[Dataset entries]
--------------------------------------------------

lemma exp_2pi_eq_iff:
  "exp (\<i> * complex_of_real (2 * pi * a)) = exp (\<i> * complex_of_real (2 * pi * b))
     \<longleftrightarrow> (\<exists>n::int. a = b + of_int n)"
proof
  assume "exp (\<i> * complex_of_real (2 * pi * a)) = exp (\<i> * complex_of_real (2 * pi * b))"
  then obtain n :: int
    where "\<i> * complex_of_real (2 * pi * a) = \<i> * complex_of_real (2 * pi * b) + (of_int (2 * n) * pi) * \<i>"
    unfolding exp_eq by blast
  then have "Im (\<i> * complex_of_real (2 * pi * a)) = Im (\<i> * complex_of_real (2 * pi * b) + (of_int (2 * n) * pi) * \<i>)"
    by simp
  then have "(2 * pi) * a = (2 * pi) * (b + of_int n)" by (simp add: algebra_simps)
  then show "\<exists>n::int. a = b + of_int n" by auto
next
  assume "\<exists>n::int. a = b + of_int n"
  then obtain n :: int where "a = b + of_int n" by blast
  then show "exp (\<i> * complex_of_real (2 * pi * a)) = exp (\<i> * complex_of_real (2 * pi * b))"
    unfolding exp_eq by (intro exI[of _ n]) (simp add: algebra_simps)
qed

lemma torus_eq_imp_Csd_eq:
  assumes f: "f \<in> Csd" and eq: "torus x = torus y"
  shows "f x = f y"
proof -
  have "\<exists>n::int. x$j = y$j + of_int n" for j
    using eq exp_2pi_eq_iff[of "x$j" "y$j"] unfolding torus_def vec_eq_iff by simp
  then obtain N where "\<And>j. x$j = y$j + of_int (N j)" by metis
  then have "x = y + (\<chi> j. real_of_int ((\<chi> j. N j) $ j))" by (simp add: vec_eq_iff)
  moreover have "f (y + (\<chi> j. real_of_int (n $ j))) = f y" for n using f by (simp add: Csd_def)
  ultimately show ?thesis by metis
qed

lemma range_torus: "range torus = torus ` cbox 0 1"
proof -
  have "torus x $ j = torus (\<chi> j. frac (x$j)) $ j" for x :: "real^'d" and j
    using exp_2pi_eq_iff[of "x$j" "frac (x$j)"] unfolding torus_def by (simp add: frac_def)
  then have "torus x = torus (\<chi> j. frac (x$j))" for x :: "real^'d"
    unfolding vec_eq_iff by blast
  moreover have "(\<chi> j. frac (x$j)) \<in> cbox 0 1" for x :: "real^'d"
    by (simp add: mem_box_cart frac_ge_0 less_imp_le[OF frac_lt_1])
  ultimately show ?thesis by blast
qed

lemma compact_range_torus: "compact (range torus)"
  unfolding range_torus by (intro compact_continuous_image continuous_on_torus compact_cbox)

text \<open>Every \<open>f \<in> C(\<bbbS>\<^sup>d)\<close> factors continuously through \<open>torus\<close>; continuity of the factor
  holds because \<open>torus\<close> restricted to the compact cube \<open>[0,1]\<^sup>d\<close> is a quotient map.\<close>
lemma Csd_factors_through_torus:
  fixes f :: "real^'d \<Rightarrow> complex"
  assumes f: "f \<in> Csd"
  obtains F where "\<And>x. F (torus x) = f x" and "continuous_on (range torus) F"
proof
  define F where "F z = f (SOME x. torus x = z)" for z
  show F_torus: "F (torus x) = f x" for x
    unfolding F_def by (rule torus_eq_imp_Csd_eq[OF f someI[of _ x]]) simp
  define K where "K = cbox (0::real^'d) 1"
  define T where "T = torus ` K"
  have T: "range torus = T" unfolding T_def K_def by (rule range_torus)
  have q: "quotient_map (top_of_set K) (top_of_set T) torus"
  proof (rule continuous_closed_imp_quotient_map)
    show cm: "continuous_map (top_of_set K) (top_of_set T) torus"
      by (auto simp: continuous_map_in_subtopology T_def continuous_on_torus)
    show "closed_map (top_of_set K) (top_of_set T) torus"
    proof (rule continuous_imp_closed_map[OF cm])
      show "compact_space (top_of_set K)"
        by (simp add: K_def compact_space_subtopology compactin_euclidean_iff)
      show "Hausdorff_space (top_of_set T)" by (simp add: Hausdorff_space_subtopology)
    qed
    show "torus ` topspace (top_of_set K) = topspace (top_of_set T)" by (simp add: T_def)
  qed
  have "F \<circ> torus = f" using F_torus by (simp add: fun_eq_iff)
  moreover have "continuous_on K f" using f continuous_on_subset by (auto simp: Csd_def)
  ultimately have "continuous_map (top_of_set K) euclidean (F \<circ> torus)" by simp
  from continuous_compose_quotient_map[OF q this]
  show "continuous_on (range torus) F" unfolding T by simp
qed

lemma Csd_bounded:
  assumes "f \<in> Csd"
  obtains M where "\<And>x. cmod (f x) \<le> M"
proof -
  obtain F where F: "\<And>x. F (torus x) = f x" "continuous_on (range torus) F"
    using Csd_factors_through_torus[OF assms] by blast
  have "bounded (F ` range torus)"
    by (intro compact_imp_bounded compact_continuous_image F(2) compact_range_torus)
  then obtain M where "\<And>x. cmod (F (torus x)) \<le> M" unfolding bounded_iff by blast
  then show ?thesis using F(1) that by metis
qed

lemma trig_poly_dense:
  assumes f: "f \<in> Csd" and e: "e > 0"
  obtains t where "t \<in> trig_poly" and "\<And>x. cmod (f x - t x) \<le> e"
proof -
  obtain F where F: "\<And>x. F (torus x) = f x" "continuous_on (range torus) F"
    using Csd_factors_through_torus[OF f] by blast
  obtain g where g: "polynomial_function g" and "\<forall>z\<in>range torus. norm (F z - g z) < e"
    using Stone_Weierstrass_polynomial_function[OF compact_range_torus F(2) e] by blast
  then have "cmod (f x - g (torus x)) \<le> e" for x using F(1)[of x] by (metis less_imp_le rangeI)
  with polynomial_function_torus_trig_poly[OF g] that show ?thesis by blast
qed

lemma Csd_functional_eq_zero:
  fixes D :: "(real^'d \<Rightarrow> complex) \<Rightarrow> complex"
  assumes D_add: "\<And>f g. f \<in> Csd \<Longrightarrow> g \<in> Csd \<Longrightarrow> D (\<lambda>x. f x + g x) = D f + D g"
    and D_scale: "\<And>f c. f \<in> Csd \<Longrightarrow> D (\<lambda>x. c * f x) = c * D f"
    and D_gchar: "\<And>n. D (gchar n) = 0"
    and D_bound: "\<And>h M. h \<in> Csd \<Longrightarrow> (\<And>x. cmod (h x) \<le> M) \<Longrightarrow> cmod (D h) \<le> C * M"
    and f: "f \<in> Csd"
  shows "D f = 0"
proof -
  have D_trig_poly: "t \<in> trig_poly \<Longrightarrow> D t = 0" for t
    by (induction rule: trig_poly.induct) (simp_all add: D_gchar D_add D_scale trig_poly_Csd)
  have "cmod (D f) \<le> 0 + e" if e: "e > 0" for e
  proof -
    define e' where "e' = e / (\<bar>C\<bar> + 1)"
    have e': "e' > 0" using e by (simp add: e'_def add_pos_nonneg)
    have "C * e' \<le> (\<bar>C\<bar> + 1) * e'" using e' by (intro mult_right_mono) simp_all
    also have "\<dots> = e" unfolding e'_def by (simp add: add_pos_nonneg)
    finally have "C * e' \<le> e" .
    obtain t where t: "t \<in> trig_poly" and close: "\<And>x. cmod (f x - t x) \<le> e'"
      using trig_poly_dense[OF f e'] by blast
    have tc: "t \<in> Csd" by (rule trig_poly_Csd[OF t])
    have "D f = D (\<lambda>x. (f x - t x) + t x)" by simp
    also have "\<dots> = D (\<lambda>x. f x - t x)"
      using D_add[OF Csd_diff[OF f tc] tc] D_trig_poly[OF t] by simp
    finally show ?thesis using D_bound[OF Csd_diff[OF f tc] close] \<open>C * e' \<le> e\<close> by simp
  qed
  then show ?thesis using field_le_epsilon[of "cmod (D f)" 0] by simp
qed

section \<open>KMS states of \<open>B\<^sub>\<theta>\<close>\<close>

lemma (in cstar_state) kms_eigenvector_twisted_trace:
  assumes kms: "is_KMS \<beta> \<alpha> \<phi>" and beta_pos: "\<beta> > 0"
    and eigen: "\<And>t. \<alpha> t b = sm (exp (\<i> * complex_of_real (t * c))) 1 * b"
  shows "\<phi> (b * a) = exp (- complex_of_real (\<beta> * c)) * \<phi> (a * b)"
proof -
  obtain F where contF: "continuous_on {z. 0 \<le> Im z \<and> Im z \<le> \<beta>} F"
    and holF: "F holomorphic_on {z. 0 < Im z \<and> Im z < \<beta>}"
    and F_real: "\<And>t. F (complex_of_real t) = \<phi> (a * \<alpha> t b)"
    and F_upper: "\<And>t. F (complex_of_real t + \<i> * complex_of_real \<beta>) = \<phi> (\<alpha> t b * a)"
    using kms unfolding is_KMS_def by blast
  define G where "G z = F z - exp (\<i> * z * complex_of_real c) * \<phi> (a * b)" for z
  have "G (complex_of_real 0 + \<i> * complex_of_real \<beta>) = 0"
  proof (rule strip_function_vanishes_on_upper_edge[OF beta_pos])
    show "continuous_on {z. 0 \<le> Im z \<and> Im z \<le> \<beta>} G"
      unfolding G_def by (intro continuous_intros contF)
    show "G holomorphic_on {z. 0 < Im z \<and> Im z < \<beta>}"
      unfolding G_def by (intro holomorphic_intros holF)
    show "G (complex_of_real t) = 0" for t
      unfolding G_def F_real eigen mult_sm_one_left_commute state_sm_one by (simp add: mult_ac)
  qed
  moreover have "F (complex_of_real 0 + \<i> * complex_of_real \<beta>) = \<phi> (b * a)"
    unfolding F_upper eigen by simp
  ultimately show ?thesis unfolding G_def by (simp add: mult_ac)
qed

locale iota_state = cstar_state sm st \<phi> for sm st \<phi> +
  fixes U :: "int^'d \<Rightarrow> 'a" and \<iota> :: "(real^'d \<Rightarrow> complex) \<Rightarrow> 'a"
  assumes iota: "is_iota sm st U \<iota>"
begin

lemma iota_add: "f \<in> Csd \<Longrightarrow> g \<in> Csd \<Longrightarrow> \<iota> (\<lambda>x. f x + g x) = \<iota> f + \<iota> g"
  using iota by (simp add: is_iota_def)
lemma iota_mult: "f \<in> Csd \<Longrightarrow> g \<in> Csd \<Longrightarrow> \<iota> (\<lambda>x. f x * g x) = \<iota> f * \<iota> g"
  using iota by (simp add: is_iota_def)
lemma iota_scale: "f \<in> Csd \<Longrightarrow> \<iota> (\<lambda>x. c * f x) = sm c 1 * \<iota> f"
  using iota unfolding is_iota_def by (metis sm_eq_mult)
lemma iota_cnj: "f \<in> Csd \<Longrightarrow> \<iota> (\<lambda>x. cnj (f x)) = st (\<iota> f)"
  using iota by (simp add: is_iota_def)
lemma iota_gchar: "\<iota> (gchar n) = U n"
  using iota by (simp add: is_iota_def)
lemma iota_const: "\<iota> (\<lambda>x. c) = sm c 1"
  using iota_scale[OF Csd_const, of c 1] iota by (simp add: is_iota_def)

--------------------------------------------------

How to complete this task:
Take the entries above and return only the lines from the one with "(D f) \<le> 0" to the one with "(intro mult_right_mono) simp_all", both included, unchanged.

Result for this exercise:
  have "cmod (D f) \<le> 0 + e" if e: "e > 0" for e
  proof -
    define e' where "e' = e / (\<bar>C\<bar> + 1)"
    have e': "e' > 0" using e by (simp add: e'_def add_pos_nonneg)
    have "C * e' \<le> (\<bar>C\<bar> + 1) * e'" using e' by (intro mult_right_mono) simp_all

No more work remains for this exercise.